Но я был неумолим и коротко повторял:
— На ручки! На ручки! На ручки!.. Мама брала меня на руки, а через две-три минуты ставила на ноги и просила:
— Ну вот, а теперь ножками. Ладно, умница?
Но мне не хотелось ножками. Я застывал на тротуаре и не двигался с места.
Бывало, мама теряла терпение и оставляла меня одного. Она притворялась, что уходит домой, и удалялась далеко-далеко.
Но я был спокоен. Меня не проведёшь! Я знал, что это всё Верины хитрости и что раньше или позже она вернётся за мной. Не бросит же она меня одного на улице!
Так оно и выходило. Мама возвращалась, со вздохом брала меня на руки и, еле переводя дыхание, тащила меня, тяжёлого бутуза, вверх по крутой виленской улице.
У неё всю жизнь, с молодых лет, было больное сердце. От болезни сердца она и умерла раньше времени.
Мне стыдно и горько думать, что одной из причин её развивающейся болезни был я — кудрявый, краснощёкий увалень Яшенька, который не любил ходить ножками.
Как бы мне хотелось вырвать эту страницу из книги своей жизни!
Мне кажется, что, превратись я теперь каким-нибудь чудом опять в маленького Яшу и пойди мы с Верой гулять, я бы ни за что не стал проситься на ручки. Сколько бы мы с ней ни бродили, по каким бы крутым улицам ни поднимались, я бы всё время ходил ножками!
Но… поздно! Страница написана — её не вырвешь, не зачеркнёшь и не перепишешь.
«Неугасимый свет» — так хотелось бы мне назвать маленький рассказ о самом первом своём воспоминании.
Много чего можно вспомнить за пятьдесят лет жизни — и сладкого и горького! Но это воспоминание, о котором я хочу рассказать, — оно самое первое. Скажу наперёд, что ничего в нём особенного нет и что вся его прелесть для меня только в том и заключается, что оно — первое.

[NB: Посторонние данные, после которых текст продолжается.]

lemma slice_mem_if_tensor_sub:
  fixes u :: "('v::finite \<Rightarrow> 'b) \<Rightarrow> complex"
  assumes V: "csubspace V" and "u \<in> tensor_sub V"
  shows "slice u c x \<in> V"
proof -
  obtain n :: nat and a w where w: "\<forall>k<n. \<forall>y. w k y \<in> V"
    and u: "u = (\<lambda>c. \<Sum>k<n. a k * (\<Prod>y\<in>UNIV. w k y (c y)))"
    using assms(2) unfolding tensor_sub_def by blast
  define p where "p k = (\<Prod>y\<in>UNIV - {x}. w k y (c y))" for k
  have "(\<Prod>y\<in>UNIV. w k y ((c(x := b)) y)) = w k x b * p k" for k b
    unfolding p_def by (subst prod.remove[of _ x]) (auto intro!: prod.cong)
  hence "slice u c x = (\<Sum>k<n. cscale (a k * p k) (w k x))"
    by (simp add: slice_def u fun_eq_iff sum_fun_apply cscale_def mult_ac)
  also have "\<dots> \<in> V"
    using w by (intro csubspace_sum[OF V] csubspace_cscale[OF V]) auto
  finally show ?thesis .
qed

text \<open>The right-hand side is Q applied at every site of D.\<close>
lemma expand_by_slice_projector:
  fixes u :: "('v::finite \<Rightarrow> 'b::finite) \<Rightarrow> complex"
  assumes Q: "\<And>c x. mat_apply Q (slice u c x) = slice u c x"
  shows "u c = (\<Sum>c'\<in>{c'. \<forall>z. z \<notin> D \<longrightarrow> c' z = c z}. (\<Prod>y\<in>D. Q (c y) (c' y)) * u c')"
proof (induction D arbitrary: c rule: infinite_finite_induct)
  case (infinite D)
  thus ?case by simp
next
  case empty
  have "{c'. \<forall>z. c' z = c z} = {c}" by (auto simp: fun_eq_iff)
  thus ?case by simp
next
  case (insert x D)
  define T where "T = {c'. \<forall>z. z \<notin> insert x D \<longrightarrow> c' z = c z}"
  define S where "S b = {c'. \<forall>z. z \<notin> D \<longrightarrow> c' z = (c(x := b)) z}" for b
  define h where "h c' = (\<Prod>y\<in>insert x D. Q (c y) (c' y)) * u c'" for c'
  have "sum h T = (\<Sum>b\<in>UNIV. sum h {c' \<in> T. c' x = b})"
    by (rule sum.group[symmetric]) auto
  also have "\<dots> = (\<Sum>b\<in>UNIV. Q (c x) b * u (c(x := b)))"
  proof (rule sum.cong[OF refl])
    fix b
    have "{c' \<in> T. c' x = b} = S b" using insert.hyps by (auto simp: T_def S_def)
    hence "sum h {c' \<in> T. c' x = b} = (\<Sum>c'\<in>S b. Q (c x) b * ((\<Prod>y\<in>D. Q ((c(x := b)) y) (c' y)) * u c'))"
      using insert.hyps by (auto simp: h_def S_def mult.assoc intro!: sum.cong prod.cong)
    also have "\<dots> = Q (c x) b * u (c(x := b))"
      by (simp add: S_def insert.IH[of "c(x := b)"] sum_distrib_left)
    finally show "sum h {c' \<in> T. c' x = b} = Q (c x) b * u (c(x := b))" .
  qed
  also have "\<dots> = mat_apply Q (slice u c x) (c x)" by (simp add: mat_apply_def slice_def)
  also have "\<dots> = u c" unfolding Q by (simp add: slice_def)
  finally show ?case by (simp add: T_def h_def)
qed

lemma sum_prod_mem_tensor_sub:
  fixes w :: "'k \<Rightarrow> 'v::finite \<Rightarrow> 'b \<Rightarrow> complex"
  assumes "finite K" "\<And>k y. k \<in> K \<Longrightarrow> w k y \<in> V"
  shows "(\<lambda>c. \<Sum>k\<in>K. a k * (\<Prod>y\<in>UNIV. w k y (c y))) \<in> tensor_sub V"
proof -
  obtain h where h: "bij_betw h {..<card K} K"
    using ex_bij_betw_nat_finite[OF assms(1)] by (auto simp: atLeast0LessThan)
  have "(\<lambda>c. \<Sum>k\<in>K. a k * (\<Prod>y\<in>UNIV. w k y (c y)))
      = (\<lambda>c. \<Sum>i<card K. a (h i) * (\<Prod>y\<in>UNIV. w (h i) y (c y)))"
    by (intro ext) (rule sum.reindex_bij_betw[OF h, symmetric])
  moreover have "\<forall>i<card K. \<forall>y. w (h i) y \<in> V"
    using h assms(2) by (auto dest: bij_betwE)
  ultimately show ?thesis
    unfolding tensor_sub_def mem_Collect_eq
    by (intro exI[of _ "card K"] exI[of _ "a \<circ> h"] exI[of _ "w \<circ> h"]) simp
qed

lemma tensor_sub_iff_slices:
  fixes u :: "('v::finite \<Rightarrow> 'b::finite) \<Rightarrow> complex"
  assumes V: "csubspace V"
  shows "u \<in> tensor_sub V \<longleftrightarrow> (\<forall>x c. slice u c x \<in> V)"
proof
  assume slices: "\<forall>x c. slice u c x \<in> V"
  obtain Q where Q: "\<forall>v\<in>V. mat_apply Q v = v" "range (mat_apply Q) \<subseteq> V"
    using orth_projector_onto_subspace[OF V] by blast
  have "mat_apply Q (slice u c x) = slice u c x" for c x
    using slices Q(1) by blast
  hence "u c = (\<Sum>c'\<in>UNIV. u c' * (\<Prod>y\<in>UNIV. Q (c y) (c' y)))" for c
    using expand_by_slice_projector[of Q u c UNIV] by (simp add: mult.commute)
  hence "u = (\<lambda>c. \<Sum>c'\<in>UNIV. u c' * (\<Prod>y\<in>UNIV. Q (c y) (c' y)))" ..
  moreover have "(\<lambda>a. Q a b) \<in> V" for b
  proof -
    have "mat_apply Q (unit_vec b) \<in> V" using Q(2) by blast
    thus ?thesis by (simp add: mat_apply_unit_vec)
  qed
  hence "(\<lambda>c. \<Sum>c'\<in>UNIV. u c' * (\<Prod>y\<in>UNIV. Q (c y) (c' y))) \<in> tensor_sub V"
    by (intro sum_prod_mem_tensor_sub[where w = "\<lambda>c' y a. Q a (c' y)", simplified])
  ultimately show "u \<in> tensor_sub V" by simp
qed (use slice_mem_if_tensor_sub[OF V] in blast)

definition site_op :: "('b \<Rightarrow> 'b \<Rightarrow> complex) \<Rightarrow> 'v \<Rightarrow> ('v \<Rightarrow> 'b) \<Rightarrow> ('v \<Rightarrow> 'b) \<Rightarrow> complex"
  where "site_op R x c c' = (if \<forall>z. z \<noteq> x \<longrightarrow> c z = c' z then R (c x) (c' x) else 0)"

lemma site_op_apply:
  fixes R :: "'b::finite \<Rightarrow> 'b \<Rightarrow> complex" and x :: "'v::finite"
  shows "mat_apply (site_op R x) u c = mat_apply R (slice u c x) (c x)"
proof -
  have "mat_apply (site_op R x) u c
      = (\<Sum>c'\<in>UNIV. if \<forall>z. z \<noteq> x \<longrightarrow> c z = c' z then R (c x) (c' x) * u c' else 0)"
    unfolding mat_apply_def site_op_def by (rule sum.cong) auto
  also have "\<dots> = (\<Sum>c'\<in>{c'. \<forall>z. z \<noteq> x \<longrightarrow> c z = c' z}. R (c x) (c' x) * u c')"
    by (simp add: sum.If_cases)
  also have "{c'. \<forall>z. z \<noteq> x \<longrightarrow> c z = c' z} = range (\<lambda>b. c(x := b))"
    by (auto simp: fun_eq_iff intro: range_eqI[where x = "_ x"])
  also have "inj (\<lambda>b. c(x := b))"
    by (rule injI) (metis fun_upd_same)
  hence "(\<Sum>c'\<in>range (\<lambda>b. c(x := b)). R (c x) (c' x) * u c') = (\<Sum>b\<in>UNIV. R (c x) b * u (c(x := b)))"
    by (simp add: sum.reindex)
  finally show ?thesis by (simp add: mat_apply_def slice_def)
qed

Вот я закрываю глаза и довольно отчётливо вижу широкую реку и слышу чей-то голос:
— Это Днестр.
Кругом сумерки. Река блестит. Её противоположный берег теряется в туманной полумгле. Мы сидим в огромном фаэтоне, который то и дело кренится набок. Мы — это папа, мама и я. Мама держит меня на руках и крепко прижимает к себе, чтобы я не вывалился из качающегося экипажа.
Фаэтон пахнет кожей, лошадьми, дорогой… На облучке сидит возница — балагула — и всякими грубыми словами ругает ни в чём не повинных лошадей. Мне обидно за лошадей, и я сержусь на балагулу, который важно восседает на облучке, облачённый в брезентовый балахон с нахлобученным на голову капюшоном. Он ни разу даже не дал мне подержать вожжи!